● **Supplied records**:
(* Under the setting below, let $\lambda^\dagger=\inf\{\lambda\ge 0: A(\lambda)\le Q\}$ (with $\inf\emptyset=+\infty$) and $\lambda^*=\min(\pi,\lambda^\dagger)$. Then the primal point $(x_t^*,z_t^* )=W_t(\lambda^* )$ for all $t$, together with $s^*=\max\big(0,\sum_{t=1}^T\tilde h_t(x_t^*,z_t^* )-Q\big)$ and the shadow price $\lambda^*$ as multiplier of (C) (and suitable nonnegative multipliers for the other constraints), satisfies the KKT conditions of (P).
   Context: Fix an integer $T\ge 1$, a data cap $Q>0$ and an overage fee $\pi>0$. For each $t\in\{1,\dots,T\}$ fix reals $d_t\ge 0$, $r_t\ge 0$, $c_t>0$, $p_t>0$, $\theta_t>0$, $\beta_t>0$ and functions $u_t,e_t:[0,\infty)\to\mathbb{R}$ such that: $u_t$ is continuous, increasing and strictly concave, differentiable on $(0,\infty)$, and $u_t':(0,\infty)\to(0,\infty)$ is a strictly decreasing bijection with inverse $u_t'^{-1}$; $e_t$ is increasing, strictly convex and continuously differentiable, and $e_t':[0,\infty)\to[0,\infty)$ is a strictly increasing bijection with inverse $e_t'^{-1}$. For $0\le z\le x\le 1$ let $\tilde f_t(x,z)=\theta_t u_t(x)-\beta_t e_t((x-z)c_t)-p_t c_t z$ and $\tilde h_t(x,z)=d_t x+r_t z$. Problem (P): maximize $\sum_{t=1}^T \tilde f_t(x_t,z_t)-\pi s$ over $x,z\in\mathbb{R}^T$, $s\in\mathbb{R}$, subject to $0\le z_t\le x_t\le 1$ for all $t$, $s\ge 0$, and (C): $s\ge \sum_{t=1}^T\tilde h_t(x_t,z_t)-Q$. A KKT point of (P) consists of a feasible $(x^*,z^*,s^* )$ and nonnegative Lagrange multipliers for all constraints satisfying stationarity of the Lagrangian and complementary slackness; $\lambda^*$ denotes the multiplier of (C) (the shadow price of wireless data). For $\lambda\ge 0$ and $\beta>0$ write $a_t(\beta,\lambda)=\frac{1}{c_t}\,e_t'^{-1}\!\Big(\frac{p_tc_t+r_t\lambda}{\beta c_t}\Big)$ and $X_t(\lambda)=p_tc_t+(d_t+r_t)\lambda$. Define the sets (all with $\beta>0$): $\Omega^{I}_t(\lambda)=\{(\beta,\theta):\theta>\frac{\beta c_t e_t'(c_t)+d_t\lambda}{u_t'(1)},\ \beta<\frac{p_tc_t+r_t\lambda}{c_te_t'(c_t)}\}$; $\Omega^{II}_t(\lambda)=\{(\beta,\theta):\theta>\frac{X_t(\lambda)}{u_t'(1)},\ \beta\ge\frac{p_tc_t+r_t\lambda}{c_te_t'(c_t)}\}$; $\Omega^{III}_t(\lambda)=\{(\beta,\theta):\frac{X_t(\lambda)}{u_t'(a_t(\beta,\lambda))}\le\theta\le\frac{X_t(\lambda)}{u_t'(1)}\}$; $\Omega^{IV}_t(\lambda)=\{(\beta,\theta):\theta<\frac{X_t(\lambda)}{u_t'(a_t(\beta,\lambda))},\ \theta\le\frac{\beta c_te_t'(c_t)+d_t\lambda}{u_t'(1)}\}$. Let $z^{II}_t(\lambda)=1-a_t(\beta_t,\lambda)$, $x^{III}_t(\lambda)=u_t'^{-1}(X_t(\lambda)/\theta_t)$, $z^{III}_t(\lambda)=x^{III}_t(\lambda)-a_t(\beta_t,\lambda)$, and let $x^{IV}_t(\lambda)\in(0,1]$ be the solution of $\theta_tu_t'(x)-\beta_tc_te_t'(xc_t)=d_t\lambda$. Define $W_t(\lambda)=(1,0)$ if $(\beta_t,\theta_t)\in\Omega^I_t(\lambda)$; $(1,z^{II}_t(\lambda))$ if in $\Omega^{II}_t(\lambda)$; $(x^{III}_t(\lambda),z^{III}_t(\lambda))$ if in $\Omega^{III}_t(\lambda)$; $(x^{IV}_t(\lambda),0)$ if in $\Omega^{IV}_t(\lambda)$. Define the potential data usage $A(\lambda)=\sum_{t=1}^T\tilde h_t(W_t(\lambda))$. *)

theory Defs
  imports "HOL-Analysis.Analysis"
begin

definition strictly_concave_on :: "real set \<Rightarrow> (real \<Rightarrow> real) \<Rightarrow> bool" where
  "strictly_concave_on S f \<longleftrightarrow> (\<forall>x\<in>S. \<forall>y\<in>S. \<forall>a::real. x \<noteq> y \<and> 0 < a \<and> a < 1 \<longrightarrow>
       f (a * x + (1 - a) * y) > a * f x + (1 - a) * f y)"

definition strictly_convex_on :: "real set \<Rightarrow> (real \<Rightarrow> real) \<Rightarrow> bool" where
  "strictly_convex_on S f \<longleftrightarrow> (\<forall>x\<in>S. \<forall>y\<in>S. \<forall>a::real. x \<noteq> y \<and> 0 < a \<and> a < 1 \<longrightarrow>
       f (a * x + (1 - a) * y) < a * f x + (1 - a) * f y)"

definition a_fn :: "(nat \<Rightarrow> real \<Rightarrow> real) \<Rightarrow> (nat \<Rightarrow> real) \<Rightarrow> (nat \<Rightarrow> real) \<Rightarrow> (nat \<Rightarrow> real)
    \<Rightarrow> nat \<Rightarrow> real \<Rightarrow> real \<Rightarrow> real" where
  "a_fn e' p c r t \<beta> l = (1 / c t) * inv_into {0..} (e' t) ((p t * c t + r t * l) / (\<beta> * c t))"

definition X_fn :: "(nat \<Rightarrow> real) \<Rightarrow> (nat \<Rightarrow> real) \<Rightarrow> (nat \<Rightarrow> real) \<Rightarrow> (nat \<Rightarrow> real)
    \<Rightarrow> nat \<Rightarrow> real \<Rightarrow> real" where
  "X_fn p c d r t l = p t * c t + (d t + r t) * l"

definition Omega_I where
  "Omega_I u' e' p c d r t l \<beta> \<theta> \<longleftrightarrow> \<beta> > 0 \<and>
     \<theta> > (\<beta> * c t * e' t (c t) + d t * l) / u' t 1 \<and>
     \<beta> < (p t * c t + r t * l) / (c t * e' t (c t))"

definition Omega_II where
  "Omega_II u' e' p c d r t l \<beta> \<theta> \<longleftrightarrow> \<beta> > 0 \<and>
     \<theta> > X_fn p c d r t l / u' t 1 \<and>
     \<beta> \<ge> (p t * c t + r t * l) / (c t * e' t (c t))"

definition Omega_III where
  "Omega_III u' e' p c d r t l \<beta> \<theta> \<longleftrightarrow> \<beta> > 0 \<and>
     X_fn p c d r t l / u' t (a_fn e' p c r t \<beta> l) \<le> \<theta> \<and>
     \<theta> \<le> X_fn p c d r t l / u' t 1"

definition Omega_IV where
  "Omega_IV u' e' p c d r t l \<beta> \<theta> \<longleftrightarrow> \<beta> > 0 \<and>
     \<theta> < X_fn p c d r t l / u' t (a_fn e' p c r t \<beta> l) \<and>
     \<theta> \<le> (\<beta> * c t * e' t (c t) + d t * l) / u' t 1"

definition xIV where
  "xIV u' e' c d \<theta> \<beta> t l = (THE x. 0 < x \<and> x \<le> 1 \<and>
      \<theta> t * u' t x - \<beta> t * c t * e' t (x * c t) = d t * l)"

definition W where
  "W u' e' p c d r \<theta> \<beta> t l =
    (if Omega_I u' e' p c d r t l (\<beta> t) (\<theta> t) then (1, 0)
     else if Omega_II u' e' p c d r t l (\<beta> t) (\<theta> t) then (1, 1 - a_fn e' p c r t (\<beta> t) l)
     else if Omega_III u' e' p c d r t l (\<beta> t) (\<theta> t) then
       (let x = inv_into {0<..} (u' t) (X_fn p c d r t l / \<theta> t)
        in (x, x - a_fn e' p c r t (\<beta> t) l))
     else if Omega_IV u' e' p c d r t l (\<beta> t) (\<theta> t) then (xIV u' e' c d \<theta> \<beta> t l, 0)
     else undefined)"

definition h_fn :: "(nat \<Rightarrow> real) \<Rightarrow> (nat \<Rightarrow> real) \<Rightarrow> nat \<Rightarrow> real \<times> real \<Rightarrow> real" where
  "h_fn d r t xz = d t * fst xz + r t * snd xz"

definition A_fn where
  "A_fn T u' e' p c d r \<theta> \<beta> l = (\<Sum>t=1..T. h_fn d r t (W u' e' p c d r \<theta> \<beta> t l))"

definition lambda_star where
  "lambda_star T Q \<pi> u' e' p c d r \<theta> \<beta> =
    (let S = {l::real. 0 \<le> l \<and> A_fn T u' e' p c d r \<theta> \<beta> l \<le> Q}
     in if S = {} then \<pi> else min \<pi> (Inf S))"

(* Multipliers: mu t for z_t >= 0, nu t for z_t <= x_t, kappa t for x_t <= 1,
   rho for s >= 0, lam for (C).  Lagrangian (maximisation):
   L = sum f~_t - pi s + sum mu_t z_t + sum nu_t (x_t - z_t) + sum kappa_t (1 - x_t) + rho s
       + lam (s - sum h~_t + Q).
   Stationarity written with the partial derivatives of L (u' and e' are the derivatives of u, e). *)
definition is_KKT where
  "is_KKT T Q \<pi> u' e' p c d r \<theta> \<beta> x z s mu nu kappa rho lam \<longleftrightarrow>
    (\<forall>t\<in>{1..T}. 0 \<le> z t \<and> z t \<le> x t \<and> x t \<le> 1) \<and> 0 \<le> s \<and>
    s \<ge> (\<Sum>t=1..T. h_fn d r t (x t, z t)) - Q \<and>
    (\<forall>t\<in>{1..T}. 0 \<le> mu t \<and> 0 \<le> nu t \<and> 0 \<le> kappa t) \<and> 0 \<le> rho \<and> 0 \<le> lam \<and>
    (\<forall>t\<in>{1..T}.
       \<theta> t * u' t (x t) - \<beta> t * c t * e' t ((x t - z t) * c t) + nu t - kappa t - lam * d t = 0 \<and>
       \<beta> t * c t * e' t ((x t - z t) * c t) - p t * c t + mu t - nu t - lam * r t = 0) \<and>
    - \<pi> + rho + lam = 0 \<and>
    (\<forall>t\<in>{1..T}. mu t * z t = 0 \<and> nu t * (x t - z t) = 0 \<and> kappa t * (1 - x t) = 0) \<and>
    rho * s = 0 \<and> lam * (s - (\<Sum>t=1..T. h_fn d r t (x t, z t)) + Q) = 0"

end

theory Submission
  imports Defs
begin

text \<open>For a fixed price \<open>\<lambda> \<ge> 0\<close> of wireless data the Lagrangian of (P) decouples into one
  problem per period: maximise \<open>f\<^sub>t - \<lambda> h\<^sub>t\<close> over the triangle \<open>0 \<le> z \<le> x \<le> 1\<close>.
  In each of the four regions \<open>W\<^sub>t(\<lambda>)\<close> satisfies the first-order conditions of that problem with
  \<open>z < x\<close>, so the multiplier of \<open>z \<le> x\<close> vanishes, and by strict concavity it is the unique maximiser.
  A unique maximiser of a jointly continuous objective over a compact set depends continuously on
  the parameter, so the potential data usage \<open>A\<close> is continuous. Hence its sublevel set
  \<open>{\<lambda> \<ge> 0. A(\<lambda>) \<le> Q}\<close> is closed, which gives \<open>A(\<lambda>\<^sup>*) \<le> Q\<close> whenever \<open>\<lambda>\<^sup>* < \<pi>\<close>, while
  \<open>A > Q\<close> on \<open>[0, \<lambda>\<^sup>*)\<close> gives \<open>A(\<lambda>\<^sup>*) \<ge> Q\<close> whenever \<open>\<lambda>\<^sup>* > 0\<close>. These are exactly the complementary slackness conditions
  for (C) and for \<open>s \<ge> 0\<close>, whose multiplier is \<open>\<pi> - \<lambda>\<^sup>*\<close>.\<close>

lemma strictly_convex_on_imp_convex_on:
  assumes f: "strictly_convex_on S f" and S: "convex S"
  shows "convex_on S f"
proof (rule convex_onI)
  fix t x y :: real assume t: "0 < t" "t < 1" and xy: "x \<in> S" "y \<in> S"
  show "f ((1 - t) *\<^sub>R x + t *\<^sub>R y) \<le> (1 - t) * f x + t * f y"
  proof (cases "x = y")
    case False
    then show ?thesis
      using f[unfolded strictly_convex_on_def, rule_format, of x y "1 - t"] xy t by simp
  qed (simp add: algebra_simps)
qed (fact S)

lemma strictly_convex_on_imp_above_tangent:
  fixes f :: "real \<Rightarrow> real"
  assumes f: "strictly_convex_on S f" and S: "convex S"
    and f': "(f has_real_derivative D) (at w0 within S)"
    and w0: "w0 \<in> interior S" and w: "w \<in> S" and "w \<noteq> w0"
  shows "f w0 + D * (w - w0) < f w"
proof -
  have w0S: "w0 \<in> S" using w0 interior_subset by blast
  define m where "m = (w0 + w) / 2"
  have "m \<in> S"
    using convexD[OF S w0S w, of "1/2" "1/2"] by (simp add: m_def field_simps)
  then have tangent: "D * (m - w0) \<le> f m - f w0"
    by (rule convex_on_imp_above_tangent[OF strictly_convex_on_imp_convex_on[OF f S]
          convex_connected[OF S] w0 _ f'])
  have "f m < (f w0 + f w) / 2"
    using f[unfolded strictly_convex_on_def, rule_format, of w0 w "1/2"] w0S w \<open>w \<noteq> w0\<close>
    by (simp add: m_def field_simps)
  then show ?thesis using tangent by (simp add: m_def field_simps)
qed

lemma strictly_concave_on_imp_below_tangent:
  fixes f :: "real \<Rightarrow> real"
  assumes f: "strictly_concave_on S f" and S: "convex S"
    and f': "(f has_real_derivative D) (at w0)"
    and w0: "w0 \<in> interior S" and w: "w \<in> S" and "w \<noteq> w0"
  shows "f w < f w0 + D * (w - w0)"
proof -
  have "strictly_convex_on S (\<lambda>x. - f x)"
    unfolding strictly_convex_on_def
  proof (intro ballI allI impI)
    fix x y a :: real assume "x \<in> S" "y \<in> S" "x \<noteq> y \<and> 0 < a \<and> a < 1"
    then show "- f (a * x + (1 - a) * y) < a * - f x + (1 - a) * - f y"
      using f[unfolded strictly_concave_on_def, rule_format, of x y a] by simp
  qed
  moreover have "((\<lambda>x. - f x) has_real_derivative - D) (at w0 within S)"
    using DERIV_minus[OF f'] by (rule has_field_derivative_at_within)
  ultimately have "- f w0 + (- D) * (w - w0) < - f w"
    using strictly_convex_on_imp_above_tangent S w0 w \<open>w \<noteq> w0\<close> by blast
  then show ?thesis by simp
qed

● **Work instructions**: Return the lines of the listing where the string "unique" appears.

● **Reply to the task**:
  \<open>z < x\<close>, so the multiplier of \<open>z \<le> x\<close> vanishes, and by strict concavity it is the unique maximiser.
  A unique maximiser of a jointly continuous objective over a compact set depends continuously on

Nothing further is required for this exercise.